On review of a dismissal of a post-conviction relief application without an evidentiary
hearing, we determine whether a genuine issue of fact exists based on the pleadings, depositions,
and admissions together with any affidavits on file. Rhoades, 148 Idaho at 250, 220 P.3d at
1069; Ricca v. State, 124 Idaho 894, 896, 865 P.2d 985, 987 (Ct. App. 1993). In post-conviction
actions, the district court, as the trier of fact, is not constrained to draw inferences in favor of the
party opposing the motion for summary disposition; rather, the district court is free to arrive at
the most probable inferences to be drawn from uncontroverted evidence. Hayes v. State, 146
Idaho 353, 355, 195 P.3d 712, 714 (Ct. App. 2008).

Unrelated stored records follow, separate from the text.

lemma subquot_length_triangle:
  assumes Hi: "submodule Hi R M" and K: "submodule K R M" and "Lo \<subseteq> K" and "K \<subseteq> Hi"
  shows "subquot_length R M Lo Hi \<le> subquot_length R M Lo K + subquot_length R M K Hi"
proof (rule subquot_length_le)
  fix k F assume F: "\<forall>i\<le>k. intermediate_submodule Lo Hi (F i)" and st: "\<forall>i<k. F i \<subset> F (Suc i)"
  define P where "P i = F i \<inter> K" for i
  define Q where "Q i = submodule_sum (F i) K" for i
  have Fs: "submodule (F i) R M" if "i \<le> k" for i using F that unfolding intermediate_submodule_def by auto
  have Kc: "K \<subseteq> carrier M" using submoduleE(1)[OF K] .
  have P: "\<forall>i\<le>k. intermediate_submodule Lo K (P i)"
  proof (intro allI impI)
    fix i assume i: "i \<le> k"
    have "submodule (\<Inter>{F i, K}) R M" by (rule submodule_Inter) (use Fs[OF i] K in auto)
    then show "intermediate_submodule Lo K (P i)"
      using F i assms unfolding intermediate_submodule_def P_def by auto
  qed
  have Q: "\<forall>i\<le>k. intermediate_submodule K Hi (Q i)"
    using submodule_sum_submodule[OF Fs K] submodule_sum_right[OF Fs Kc]
      submodule_sum_least[OF Hi] F assms(4)
    unfolding intermediate_submodule_def Q_def by auto
  have monoP: "\<forall>i<k. P i \<subseteq> P (Suc i)" and monoQ: "\<forall>i<k. Q i \<subseteq> Q (Suc i)"
    using st unfolding P_def Q_def by (auto intro!: submodule_sum_mono)
  have cover: "{i. i < k} \<subseteq> {i. i < k \<and> P i \<subset> P (Suc i)} \<union> {i. i < k \<and> Q i \<subset> Q (Suc i)}"
  proof
    fix i assume "i \<in> {i. i < k}"
    then have i: "i < k" by simp
    have "submodule (F i) R M" "submodule (F (Suc i)) R M" "F i \<subset> F (Suc i)"
      using Fs st i by auto
    then have "P i \<noteq> P (Suc i) \<or> Q i \<noteq> Q (Suc i)"
      using modular_eq[of "F i" "F (Suc i)", OF _ _ K] unfolding P_def Q_def by blast
    then show "i \<in> {i. i < k \<and> P i \<subset> P (Suc i)} \<union> {i. i < k \<and> Q i \<subset> Q (Suc i)}"
      using monoP monoQ i by auto
  qed
  have "k \<le> card ({i. i < k \<and> P i \<subset> P (Suc i)} \<union> {i. i < k \<and> Q i \<subset> Q (Suc i)})"
    using card_mono[OF _ cover] by simp
  also have "\<dots> \<le> card {i. i < k \<and> P i \<subset> P (Suc i)} + card {i. i < k \<and> Q i \<subset> Q (Suc i)}"
    by (rule card_Un_le)
  finally have "enat k \<le> enat (card {i. i < k \<and> P i \<subset> P (Suc i)}) + enat (card {i. i < k \<and> Q i \<subset> Q (Suc i)})"
    by simp
  also have "\<dots> \<le> subquot_length R M Lo K + subquot_length R M K Hi"
    by (intro add_mono subquot_length_ge_card_strict P Q monoP monoQ)
  finally show "enat k \<le> subquot_length R M Lo K + subquot_length R M K Hi" .
qed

Lash did not provide a record or transcripts from his underlying criminal case in the
appellate record. It is the responsibility of the appellant to provide a sufficient record to
substantiate his or her claims on appeal. Powell v. Sellers, 130 Idaho 122, 127, 937 P.2d 434,
439 (Ct. App. 1997). In the absence of an adequate record on appeal to support the appellant’s
claims, we will not presume error. Id.
We hold that the district court did not err in summarily dismissing Lash’s application for
post-conviction relief because Lash failed to present an adequate record on appeal. Accordingly,
the district court’s order summarily dismissing Lash’s application for post-conviction relief is
affirmed. Costs, but not attorney fees, are awarded to the respondent on appeal.
Chief Judge GRATTON, CONCURS.
Judge GUTIERREZ, CONCURS IN THE RESULT.